In two hours 50,000 tickets (or cars) were sold, averaging 5 people a car, according to a release on the event. The error left around 500,000 people still waiting to get tickets.

Ticketmaster says they are putting all tickets back up for sale at noon Saturday, June 20. They will be on sale at Ticketmaster.com/garthbrooks. Swingin’ Midway Drive-in in Athens and Parkway Drive-in in Maryville are hosting the concert event.

Tickets are general admission and limited. They will cost $100, all inclusive. Each ticket will admit one passenger car/truck. The event will take place rain or shine and will begin at dusk.

“We had an issue today during the on-sale in which fans may have received an error message during checkout; however, their order and credit card was processed, causing some fans to have duplicate tickets and charges, which are being refunded.
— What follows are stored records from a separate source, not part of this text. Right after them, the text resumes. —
theorem mainTheorem4:
  fixes M :: "'a measure"
    and X :: "'a \<Rightarrow> real^'n" and Y :: "'a \<Rightarrow> real^'d" and U :: "'a \<Rightarrow> real^'d"
    and \<psi> :: "(real^'n) \<times> (real^'d) \<Rightarrow> real" and \<phi> :: "real^'d \<Rightarrow> real" and b :: "real^'d \<Rightarrow> real^'n"
  assumes "prob_space M" and "nonatomic M"
    and "X \<in> borel_measurable M" and "\<exists>C. AE \<omega> in M. norm (X \<omega>) \<le> C"
    and "integrable M X" and "(\<integral>\<omega>. X \<omega> \<partial>M) = 0"
    and "Y \<in> borel_measurable M" and "\<exists>C. AE \<omega> in M. norm (Y \<omega>) \<le> C"
    and U_opt: "primal_feasible M X U"
      "\<And>V. primal_feasible M X V \<Longrightarrow> primal_value M Y V \<le> primal_value M Y U"
    and D_opt: "dual_feasible M X Y \<psi> \<phi> b"
      "\<And>\<psi>' \<phi>' b'. dual_feasible M X Y \<psi>' \<phi>' b' \<Longrightarrow> dual_value M X Y \<psi> \<phi> \<le> dual_value M X Y \<psi>' \<phi>'"
    and no_gap: "primal_value M Y U = dual_value M X Y \<psi> \<phi>"
  shows "AE \<omega> in M.
     ereal (Phi \<phi> b (X \<omega>) (U \<omega>)) = legendre (legendre_cube (Phi \<phi> b (X \<omega>))) (U \<omega>)
     \<and> U \<omega> \<in> subdiff_on UNIV (legendre_cube (Phi \<phi> b (X \<omega>))) (Y \<omega>)
     \<and> Y \<omega> \<in> subdiff_on (cbox 0 One) (legendre (legendre_cube (Phi \<phi> b (X \<omega>)))) (U \<omega>)"
proof -
  let ?slack = "\<lambda>\<omega>. dual_slack \<psi> \<phi> b (X \<omega>) (Y \<omega>) (U \<omega>)"
  obtain CX CY where "AE \<omega> in M. norm (X \<omega>) \<le> CX" "AE \<omega> in M. norm (Y \<omega>) \<le> CY"
    using assms(4,8) by blast
  note slack_integral = dual_slack_integral[OF assms(1,3,5) this(1) assms(7) this(2) U_opt(1) D_opt(1)]
  have U_cube: "AE \<omega> in M. U \<omega> \<in> cbox 0 One"
    using U_opt(1) AE_in_cube_if_distr_unif_cube unfolding primal_feasible_def by blast
  note slack_nonneg = AE_dual_slack_nonneg[OF assms(3,7) D_opt(1)]
  have "AE \<omega> in M. 0 \<le> ?slack \<omega>"
    using slack_nonneg U_cube by eventually_elim blast
  then have "AE \<omega> in M. ?slack \<omega> = 0"
    using integral_nonneg_eq_0_iff_AE[OF slack_integral(1)] slack_integral(2) no_gap by simp
  with slack_nonneg U_cube show ?thesis
  proof eventually_elim
    case (elim \<omega>)
    show ?case
    proof (rule fenchel_equality_if_touching[where p="\<psi> (X \<omega>, Y \<omega>)"])
      show "U \<omega> \<in> cbox 0 One" by fact
      show "t \<bullet> Y \<omega> \<le> \<psi> (X \<omega>, Y \<omega>) + Phi \<phi> b (X \<omega>) t" if "t \<in> cbox 0 One" for t
        using elim(1) that unfolding dual_slack_def by auto
      show "\<psi> (X \<omega>, Y \<omega>) + Phi \<phi> b (X \<omega>) (U \<omega>) = U \<omega> \<bullet> Y \<omega>"
        using elim(3) unfolding dual_slack_def by simp
    qed
  qed
qed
We will be putting all the events back on sale tomorrow, Saturday at 12pm ET / 9am PT. These will be general admission tickets so don’t worry, you have another chance to join us at the drive-in for a great Garth event.“

Ticketmaster

It isn’t the first time Brooks has had an issue with tickets. Ticket issues for his November concert at Neyland Stadium cropped up in September. He took the blame saying he released a smaller number of tickets to avoid an empty stadium. Brooks released more tickets later.

The show will adhere to guidelines recommended by the Centers for Disease Control and Prevention as well as all state and local health mandates. Encore Live, who is putting on the event, has partnered with health experts to establish procedures for staff and fans.

Procedures include maintaining at least 6 feet of space between vehicles, the use of personal protective equipment by staff, leveraging contactless payment and ticketing systems, and limiting capacity in restrooms. Guidelines around concessions will also be enforced to abide by individual state regulations.